The DTA-1 monoclonal antibody specifically binds to GITR [Glucocorticoid-induced Tumor necrosis factor (TNF) receptor family-Related], a 66-70-kDa homodimer glycoprotein that is a member of the TNF receptor superfamily and is also known as TNFRSF18 and CD357. As its name implies, GITR expression was first detected in T lymphocytes that had been treated with dexamethasone, a glucocorticoid. In normal naive mice, GITR is expressed at moderate levels on CD25-positive/CD4-positive/CD8a-negative thymocytes and on CD25-positive/CD4-positive/CD45RB-low splenocytes. It is also expressed at low levels on splenic CD25-negative/CD4-positive/CD45RB-low T lymphocytes, B lymphocytes, macrophages, and dendritic cells. Activation of T and B lymphocytes upregulates GITR expression. GITR is a costimulatory receptor that plays an important role in Regulatory T (Treg)-cell functions, and a GITR Ligand has been detected on B lymphocytes, macrophages, and dendritic cells. mAb DTA-1 abrogates suppression by Treg cells without affecting their proliferative response, while it is co-stimulatory for T lymphocytes that are not Treg cells.

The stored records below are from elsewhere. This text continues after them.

lemma ceps_eq_mpoly:
  assumes "3 \<le> n"
  shows "ceps n x \<epsilon> = mpoly (n - 1) (\<lambda>k. x k + \<epsilon> * (of_bool (k = n - 1) - of_bool (k = 1)))"
proof
  fix z :: complex
  define x\<epsilon> where "x\<epsilon> k = x k + \<epsilon> * (of_bool (k = n - 1) - of_bool (k = 1))" for k
  have "{1..n - 1} = insert 1 (insert (n - 1) {2..n - 2})" "1 \<noteq> n - 1" "1 \<notin> {2..n - 2}" "n - 1 \<notin> {2..n - 2}"
    using assms by auto
  then have "(\<Sum>k=1..n - 1. of_real (x\<epsilon> k) * z ^ (n - 1 - k)) =
      of_real (x\<epsilon> 1) * z ^ (n - 2) + of_real (x\<epsilon> (n - 1)) + (\<Sum>k=2..n - 2. of_real (x\<epsilon> k) * z ^ (n - 1 - k))"
    by (simp add: numeral_2_eq_2)
  also have "(\<Sum>k=2..n - 2. of_real (x\<epsilon> k) * z ^ (n - 1 - k)) = (\<Sum>k=2..n - 2. of_real (x k) * z ^ (n - 1 - k))"
    by (rule sum.cong) (auto simp: x\<epsilon>_def)
  finally show "ceps n x \<epsilon> z = mpoly (n - 1) x\<epsilon> z"
    using assms by (simp add: ceps_def mpoly_def x\<epsilon>_def)
qed

lemma eventually_Re_ceps_div_mpoly_pos:
  assumes stable: "hurwitz_stable n a" and "3 \<le> n" and "x \<in> Omega n a"
  shows "\<forall>\<^sub>F \<epsilon> in at_right 0. \<forall>\<omega>. 0 < Re (ceps n x \<epsilon> (\<i> * of_real \<omega>) / mpoly n a (\<i> * of_real \<omega>))"
proof -
  define e_last :: "nat \<Rightarrow> real" where "e_last k = of_bool (k = n - 1)" for k
  define e_first :: "nat \<Rightarrow> real" where "e_first k = of_bool (k = 1)" for k
  define r where "r = (\<lambda>u. cfun_poly n a e_last u - cfun_poly n a e_first u)"
  have "n - 1 \<noteq> 1" "2 \<le> n" "1 \<le> n"
    using \<open>3 \<le> n\<close> by auto
  have "r 0 = a n"
    using \<open>n - 1 \<noteq> 1\<close> \<open>2 \<le> n\<close> \<open>1 \<le> n\<close>
    by (simp add: r_def cfun_poly_at_0 cfun_last e_last_def e_first_def)
  moreover have "\<forall>\<^sub>F u in at_top. 0 < r u"
  proof -
    have "r u = (\<Sum>l=1..n. (cfun n a e_last l - cfun n a e_first l) * u ^ (n - l))" for u
      by (simp add: r_def cfun_poly_def sum_subtractf left_diff_distrib)
    moreover have "cfun n a e_last 1 - cfun n a e_first 1 = 1"
      using \<open>n - 1 \<noteq> 1\<close> unfolding cfun_1[OF \<open>2 \<le> n\<close>] by (simp add: e_last_def e_first_def)
    ultimately show ?thesis
      using eventually_sum_powers_pos[OF \<open>1 \<le> n\<close>, of "\<lambda>l. cfun n a e_last l - cfun n a e_first l"] by simp
  qed
  ultimately have "\<forall>\<^sub>F \<epsilon> in at_right 0. \<forall>u\<ge>0. 0 < cfun_poly n a x u + \<epsilon> * r u"
    using hurwitz_stable_last_coeff_pos[OF stable \<open>1 \<le> n\<close>] cfun_poly_Omega_pos[OF stable \<open>x \<in> Omega n a\<close>]
    unfolding r_def by (intro eventually_perturbation_pos continuous_intros continuous_on_cfun_poly) auto
  then show ?thesis
  proof (rule eventually_mono, intro allI)
    fix \<epsilon> \<omega> assume pos: "\<forall>u\<ge>0. 0 < cfun_poly n a x u + \<epsilon> * r u"
    have "cfun_poly n a (\<lambda>k. x k + \<epsilon> * (e_last k - e_first k)) (\<omega>\<^sup>2) = cfun_poly n a x (\<omega>\<^sup>2) + \<epsilon> * r (\<omega>\<^sup>2)"
      unfolding r_def by (rule cfun_poly_affine) simp
    with pos show "0 < Re (ceps n x \<epsilon> (\<i> * of_real \<omega>) / mpoly n a (\<i> * of_real \<omega>))"
      unfolding Re_complex_div_gt_0 ceps_eq_mpoly[OF \<open>3 \<le> n\<close>] Re_mpoly_mult_cnj_mpoly[OF \<open>1 \<le> n\<close>]
      by (simp add: e_last_def e_first_def)
  qed
qed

The antibody was conjugated to an oligonucleotide that contains an antibody clone-specific barcode (ABC) flanked by a poly-A tail on the 3' end and a PCR handle (PCR primer binding site) on the 5' end. The ABC for this antibody was designed to be used with other BD AbSeq oligonucleotides conjugated to other antibodies. All AbSeq ABC sequences were selected in silico to be unique from human and mouse genomes, have low predicted secondary structure, and have high Hamming distance within the BD AbSeq portfolio, to allow for sequencing error correction and unique mapping. The poly-A tail of the oligonucleotide allows the ABC to be captured by the BD Rhapsody™ system. The 5' PCR handle allows for efficient sequencing library generation for Illumina sequencing platforms.
NOTE: The BD Rhapsody Single-Cell Analysis System must be used with the BD Rhapsody Express Instrument.